> _TASK DIRECTIONS_: Set down, character for character, everything in the records below from the line holding "subsection \<open>Eigenvalues and" down to the line holding "inj ((*v) (mat", and no other line.

> _THE RECORDS_:
#####

definition Z_matrix :: "real^'n^'n \<Rightarrow> bool" where
  "Z_matrix A \<longleftrightarrow> (\<forall>i j. i \<noteq> j \<longrightarrow> A$i$j \<le> 0)"

definition M_matrix :: "real^'n^'n \<Rightarrow> bool" where
  "M_matrix A \<longleftrightarrow> Z_matrix A \<and>
     (\<exists>s B. (\<forall>i j. 0 \<le> B$i$j) \<and> A = s *\<^sub>R mat 1 - B \<and> spectral_radius B \<le> s)"

definition nonsingular_M_matrix :: "real^'n^'n \<Rightarrow> bool" where
  "nonsingular_M_matrix A \<longleftrightarrow> M_matrix A \<and> invertible A"

definition vpow :: "real^'n \<Rightarrow> real \<Rightarrow> real^'n" where
  "vpow x p = (\<chi> i. (x$i) powr p)"

definition ones :: "real^'n" where "ones = (\<chi> i. 1)"

definition sup_norm :: "real^'n \<Rightarrow> real" where
  "sup_norm x = Max (range (\<lambda>i. \<bar>x$i\<bar>))"

end

theory Submission
  imports Defs "HOL-Computational_Algebra.Polynomial"
begin

text \<open>
  A nonsingular M-matrix \<open>A = s I - B\<close> is inverse-nonnegative. For the Z-matrices \<open>t I - B\<close>,
  semipositivity (some \<open>u > 0\<close> with \<open>(t I - B) u > 0\<close>) implies inverse-nonnegativity, holds
  for large \<open>t\<close>, and survives lowering \<open>t\<close>: the set \<open>T\<close> of such \<open>t\<close> is open, and if
  \<open>t\<^sub>0 I - B\<close> is invertible at \<open>t\<^sub>0 = inf T\<close>, inverse-nonnegativity passes to the limit
  \<open>t \<down> t\<^sub>0\<close> and puts \<open>t\<^sub>0\<close> into \<open>T\<close>. As \<open>t I - B\<close> is singular only if
  \<open>\<bar>t\<bar> \<le> \<rho>(B) \<le> s\<close>, the continuation reaches \<open>t = s\<close>.

  Hence \<open>G = A\<^sup>-\<^sup>1\<close> is linear and order preserving, so it does not increase Thompson's metric
  \<open>d(v, w) = max\<^sub>i \<bar>ln w\<^sub>i - ln v\<^sub>i\<bar>\<close> on positive vectors, while \<open>v \<mapsto> v\<^sup>p\<close>
  multiplies it by at most \<open>\<bar>p\<bar>\<close>. Since \<open>x\<^sub>* = G x\<^sub>*\<^sup>p\<close>, this gives
  \<open>d(x\<^sub>n, x\<^sub>*) \<le> \<bar>p\<bar>\<^sup>n\<^sup>-\<^sup>1 d(x\<^sub>1, x\<^sub>*)\<close>, and on a \<open>d\<close>-ball the sup-norm distance
  is bounded by a multiple of \<open>d\<close>. The bounds \<open>m \<le> x\<^sub>1 \<le> M\<close> are used only through
  \<open>m > 0\<close>.
\<close>

lemma invertible_iff_inj:
  fixes A :: "'a::field^'n^'n"
  shows "invertible A \<longleftrightarrow> inj ((*v) A)"
  by (simp add: invertible_left_inverse matrix_left_invertible_injective)

lemma matrix_inv_cancel_left:
  fixes A :: "'a::field^'n^'n"
  assumes "invertible A" shows "matrix_inv A *v (A *v w) = w"
proof -
  have "matrix_inv A ** A = mat 1"
    using someI_ex[OF assms[unfolded invertible_def]] by (simp add: matrix_inv_def)
  then show ?thesis by (simp add: matrix_vector_mul_assoc)
qed

lemma matrix_inv_cancel_right:
  fixes A :: "'a::field^'n^'n"
  assumes "invertible A" shows "A *v (matrix_inv A *v w) = w"
proof -
  have "A ** matrix_inv A = mat 1"
    using someI_ex[OF assms[unfolded invertible_def]] by (simp add: matrix_inv_def)
  then show ?thesis by (simp add: matrix_vector_mul_assoc)
qed

lemma mat_mult_vector: "mat c *v v = c *s (v :: 'a::comm_semiring_1^'n)"
  by (simp add: vec_eq_iff matrix_vector_mult_def mat_def if_distrib[where f = "\<lambda>a. a * _"]
      cong: if_cong)

lemma scaleR_mat_one: "t *\<^sub>R (mat 1 :: real^'n^'n) = mat t"
  by (simp add: vec_eq_iff mat_def)

lemma shift_mult_vector_component:
  fixes B :: "'a::comm_ring_1^'n^'n"
  shows "((mat t - B) *v u)$i = t * u$i - (B *v u)$i"
  unfolding matrix_vector_mult_diff_rdistrib mat_mult_vector by simp

lemma finite_range_has_max: "\<exists>i. \<forall>j. f j \<le> f i"
  for f :: "'n::finite \<Rightarrow> 'a::linorder"
  using Max_in[of "range f"] Max_ge[of "range f"] by fastforce

lemma finite_range_has_min: "\<exists>i. \<forall>j. f i \<le> f j"
  for f :: "'n::finite \<Rightarrow> 'a::linorder"
  using Min_in[of "range f"] Min_le[of "range f"] by fastforce

lemma ex_pos_small_scale:
  fixes a c :: "real^'n"
  assumes "\<forall>i. 0 < c$i"
  shows "\<exists>\<delta>>0. \<forall>i. \<delta> * a$i < c$i"
proof -
  have "\<forall>\<^sub>F \<delta> in at_right 0. \<delta> * a$i < c$i" for i
  proof -
    have "((\<lambda>\<delta>. \<delta> * a$i) \<longlongrightarrow> 0) (at_right 0)"
      by (auto intro!: tendsto_eq_intros)
    then show ?thesis
      using assms order_tendstoD(2) by blast
  qed
  then have "\<forall>\<^sub>F \<delta> in at_right 0. \<forall>i. \<delta> * a$i < c$i"
    by (rule eventually_all_finite)
  then have "\<forall>\<^sub>F \<delta> in at_right 0. 0 < \<delta> \<and> (\<forall>i. \<delta> * a$i < c$i)"
    by (intro eventually_conj eventually_at_right_less)
  then show ?thesis
    using eventually_happens'[OF trivial_limit_at_right_real] by blast
qed

subsection \<open>Eigenvalues and the spectral radius\<close>

definition eigenvalues :: "'a::field^'n^'n \<Rightarrow> 'a set" where
  "eigenvalues C = {l. \<exists>v. v \<noteq> 0 \<and> C *v v = l *s v}"

lemma eigenvalues_iff_singular: "l \<in> eigenvalues C \<longleftrightarrow> \<not> invertible (mat l - C)"
proof -
  have "l \<in> eigenvalues C \<longleftrightarrow> (\<exists>v. v \<noteq> 0 \<and> (mat l - C) *v v = 0)"
    by (auto simp: eigenvalues_def matrix_vector_mult_diff_rdistrib mat_mult_vector)
  also have "\<dots> \<longleftrightarrow> \<not> inj ((*v) (mat l - C))"
    by (auto simp: vec.inj_on_iff_eq_0[of UNIV, simplified])
  finally show ?thesis by (simp add: invertible_iff_inj)
qed

lemma eigenvalue_norm_le:
  fixes C :: "'a::real_normed_field^'n^'n"
  assumes "l \<in> eigenvalues C"
  shows "norm l \<le> (\<Sum>i\<in>UNIV. \<Sum>j\<in>UNIV. norm (C$i$j))"
proof -
  obtain v where "v \<noteq> 0" and v: "C *v v = l *s v"
    using assms by (auto simp: eigenvalues_def)
  obtain i where i: "\<And>j. norm (v$j) \<le> norm (v$i)"
    using finite_range_has_max[of "\<lambda>j. norm (v$j)"] by blast
  obtain k where "v$k \<noteq> 0"
    using \<open>v \<noteq> 0\<close> by (auto simp: vec_eq_iff)
  then have "norm (v$i) > 0"
    using i[of k] by (meson less_le_trans zero_less_norm_iff)
  have "norm l * norm (v$i) = norm (\<Sum>j\<in>UNIV. C$i$j * v$j)"
    using arg_cong[OF v, of "\<lambda>w. w$i"] by (simp add: matrix_vector_mult_def norm_mult)
  also have "\<dots> \<le> (\<Sum>j\<in>UNIV. norm (C$i$j) * norm (v$i))"
    by (intro order.trans[OF norm_sum] sum_mono) (simp add: norm_mult i mult_left_mono)
  also have "\<dots> \<le> (\<Sum>i\<in>UNIV. \<Sum>j\<in>UNIV. norm (C$i$j)) * norm (v$i)"
    unfolding sum_distrib_right[symmetric]
    by (intro mult_right_mono member_le_sum[where f = "\<lambda>i. \<Sum>j\<in>UNIV. norm (C$i$j)"])
       (auto intro: sum_nonneg)
  finally show ?thesis using \<open>norm (v$i) > 0\<close> by simp
qed

lemma finite_eigenvalues:
  fixes C :: "'a::real_normed_field^'n^'n"
  shows "finite (eigenvalues C)"
proof -
  define P where "P = det (mat [:0, 1:] - (\<chi> i j. [:C$i$j:]))"
  have poly_P: "poly P l = det (mat l - C)" for l
    unfolding P_def det_def poly_sum poly_prod
    by (intro sum.cong refl) (auto simp: mat_def poly_prod intro!: prod.cong)
  have eigenvalues_P: "eigenvalues C = {l. poly P l = 0}"
    by (auto simp: eigenvalues_iff_singular invertible_det_nz poly_P)
  define b where "b = (\<Sum>i\<in>UNIV. \<Sum>j\<in>UNIV. norm (C$i$j))"
  have "0 \<le> b" by (simp add: b_def sum_nonneg)
  then have "of_real (b + 1) \<notin> eigenvalues C"
    using eigenvalue_norm_le[of "of_real (b + 1)" C, folded b_def] by auto
  then have "P \<noteq> 0" by (auto simp: eigenvalues_P)
  then show ?thesis by (simp add: eigenvalues_P poly_roots_finite)
qed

#####

> _TASK SOLUTION_:
subsection \<open>Eigenvalues and the spectral radius\<close>

definition eigenvalues :: "'a::field^'n^'n \<Rightarrow> 'a set" where
  "eigenvalues C = {l. \<exists>v. v \<noteq> 0 \<and> C *v v = l *s v}"

lemma eigenvalues_iff_singular: "l \<in> eigenvalues C \<longleftrightarrow> \<not> invertible (mat l - C)"
proof -
  have "l \<in> eigenvalues C \<longleftrightarrow> (\<exists>v. v \<noteq> 0 \<and> (mat l - C) *v v = 0)"
    by (auto simp: eigenvalues_def matrix_vector_mult_diff_rdistrib mat_mult_vector)
  also have "\<dots> \<longleftrightarrow> \<not> inj ((*v) (mat l - C))"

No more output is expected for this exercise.